Unconventional Superconductors: An In-depth Study

Electrical conductivity with exactly zero resistance.

Unconventional superconductors are a fascinating and complex class of materials that do not conform to the traditional Bardeen–Cooper–Schrieffer (BCS) theory of superconductivity. Unlike conventional superconductors, these materials exhibit superconductivity due to electronic correlations other than electron-phonon interactions. This unit will delve into the characteristics, discovery, structure, properties, and theories of unconventional superconductors, with a particular focus on heavy fermion and organic superconductors.

Definition and Characteristics of Unconventional Superconductors

Unconventional superconductors are materials that become superconducting at low temperatures, but their superconductivity cannot be explained by the BCS theory. They often exhibit a variety of unusual properties, such as anisotropic superconducting gaps, non-s-wave pairing, and strong correlations between electrons.

Heavy Fermion Superconductors

Heavy fermion superconductors are a type of unconventional superconductor that contain elements with f-electrons, such as uranium or cerium. These materials are named "heavy fermion" because the effective mass of the conduction electrons is up to 1000 times larger than the free electron mass due to strong electron-electron interactions.

The discovery of superconductivity in these materials was a significant milestone. The first heavy fermion superconductor, CeCu2Si2, was discovered in 1979. Since then, many other heavy fermion superconductors have been found, including UPt3, UBe13, and CeCoIn5.

The structure of heavy fermion superconductors is typically metallic, with a lattice of heavy atoms that interact strongly with the conduction electrons.

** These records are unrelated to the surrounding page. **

lemma has_integral_periodic_derivative:
  fixes f f' :: "real \<Rightarrow> real"
  assumes "0 \<le> p" "\<And>x. (f has_real_derivative f' x) (at x)" "f p = f 0"
  shows "(f' has_integral 0) {0..p}"
  using has_integral_real_derivative[OF assms(1,2)] assms(3) by simp

lemma has_integral_integral_Icc:
  fixes f :: "real \<Rightarrow> real"
  assumes "continuous_on UNIV f"
  shows "(f has_integral integral {a..b} f) {a..b}"
  using assms continuous_on_subset integrable_continuous_interval integrable_integral by blast

lemma exists_nonneg_if_integral_eq_0:
  fixes f :: "real \<Rightarrow> real"
  assumes "continuous_on {a..b} f" "a < b" "integral {a..b} f = 0"
  obtains t where "t \<in> {a..b}" "0 \<le> f t"
proof -
  obtain t where t: "t \<in> {a..b}" "\<forall>y\<in>{a..b}. f y \<le> f t"
    using continuous_attains_sup[OF compact_Icc _ assms(1)] \<open>a < b\<close> by auto
  have "integral {a..b} f \<le> integral {a..b} (\<lambda>_. f t)"
    using t assms(1) by (intro integral_le integrable_continuous_interval) auto
  then have "0 \<le> f t"
    using assms(2,3) by (simp add: zero_le_mult_iff)
  with t(1) show thesis
    by (rule that)
qed

lemma abs_diff_le_integral_deriv_sq:
  fixes u :: "real \<Rightarrow> real"
  assumes du: "\<And>x. (u has_real_derivative deriv u x) (at x)" and "continuous_on UNIV (deriv u)"
    and "x \<in> {a..b}" "y \<in> {a..b}"
  shows "\<bar>u y - u x\<bar> \<le> (b - a + integral {a..b} (\<lambda>t. (deriv u t)\<^sup>2)) / 2"
proof -
  have "\<bar>u y - u x\<bar> \<le> (b - a + integral {a..b} (\<lambda>t. (deriv u t)\<^sup>2)) / 2"
    if "x \<le> y" "x \<in> {a..b}" "y \<in> {a..b}" for x y
  proof -
    have cont: "continuous_on UNIV (\<lambda>t. (1 + (deriv u t)\<^sup>2) / 2)"
      using assms(2) by (intro continuous_intros) auto
    have "\<bar>u y - u x\<bar> = \<bar>integral {x..y} (deriv u)\<bar>"
      using has_integral_real_derivative[OF \<open>x \<le> y\<close> du] by (simp add: integral_unique)
    also have "\<dots> \<le> integral {x..y} (\<lambda>t. (1 + (deriv u t)\<^sup>2) / 2)"
    proof (rule integral_norm_bound_integral[of "deriv u" "{x..y}", unfolded real_norm_def])
      show "\<bar>deriv u t\<bar> \<le> (1 + (deriv u t)\<^sup>2) / 2" for t
        using zero_le_power2[of "\<bar>deriv u t\<bar> - 1"] by (simp add: power2_eq_square algebra_simps)
    qed (use has_integral_integral_Icc[OF assms(2)] has_integral_integral_Icc[OF cont] in blast)+
    also have "\<dots> \<le> integral {a..b} (\<lambda>t. (1 + (deriv u t)\<^sup>2) / 2)"
      using that has_integral_integral_Icc[OF cont]
      by (intro integral_subset_le) (auto simp: integrable_on_def)
    also have "\<dots> = (b - a + integral {a..b} (\<lambda>t. (deriv u t)\<^sup>2)) / 2"
    proof -
      have "((\<lambda>t. 1) has_integral b - a) {a..b}"
        using has_integral_const_real[of "1::real" a b] that by (simp add: real_scaleR_def)
      moreover have "((\<lambda>t. (deriv u t)\<^sup>2) has_integral integral {a..b} (\<lambda>t. (deriv u t)\<^sup>2)) {a..b}"
        using assms(2) by (intro has_integral_integral_Icc continuous_intros)
      ultimately show ?thesis
        by (intro integral_unique has_integral_divide has_integral_add)
    qed
    finally show ?thesis .
  qed
  from this[of x y] this[of y x] assms(3,4) show ?thesis
    by (cases "x \<le> y") (auto simp: abs_minus_commute)
qed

The properties of these materials, such as their critical temperature and critical magnetic field, are strongly dependent on the details of these interactions.

Organic Superconductors

Organic superconductors are another type of unconventional superconductor. They are composed of organic molecules, typically based on carbon, hydrogen, and other non-metallic elements. The first organic superconductor, (TMTSF)2PF6, was discovered in 1980.

Organic superconductors have a layered structure, with conducting planes of organic molecules separated by layers of insulating material. This structure leads to highly anisotropic properties, with much stronger superconductivity in the planes than perpendicular to them.

Theories and Models Explaining Unconventional Superconductivity

Theories explaining unconventional superconductivity are still a topic of ongoing research. For heavy fermion superconductors, the most widely accepted theory is the so-called "quantum criticality" theory, which suggests that superconductivity arises from quantum fluctuations near a quantum critical point.

For organic superconductors, the situation is more complex due to the anisotropic structure of these materials. Some theories suggest that superconductivity arises from fluctuations in the charge density wave state, while others propose that it is due to spin fluctuations or other types of electronic correlations.

In conclusion, unconventional superconductors are a rich and diverse class of materials that offer many opportunities for future research. Understanding these materials could lead to the development of new technologies and deepen our understanding of quantum mechanics and condensed matter physics.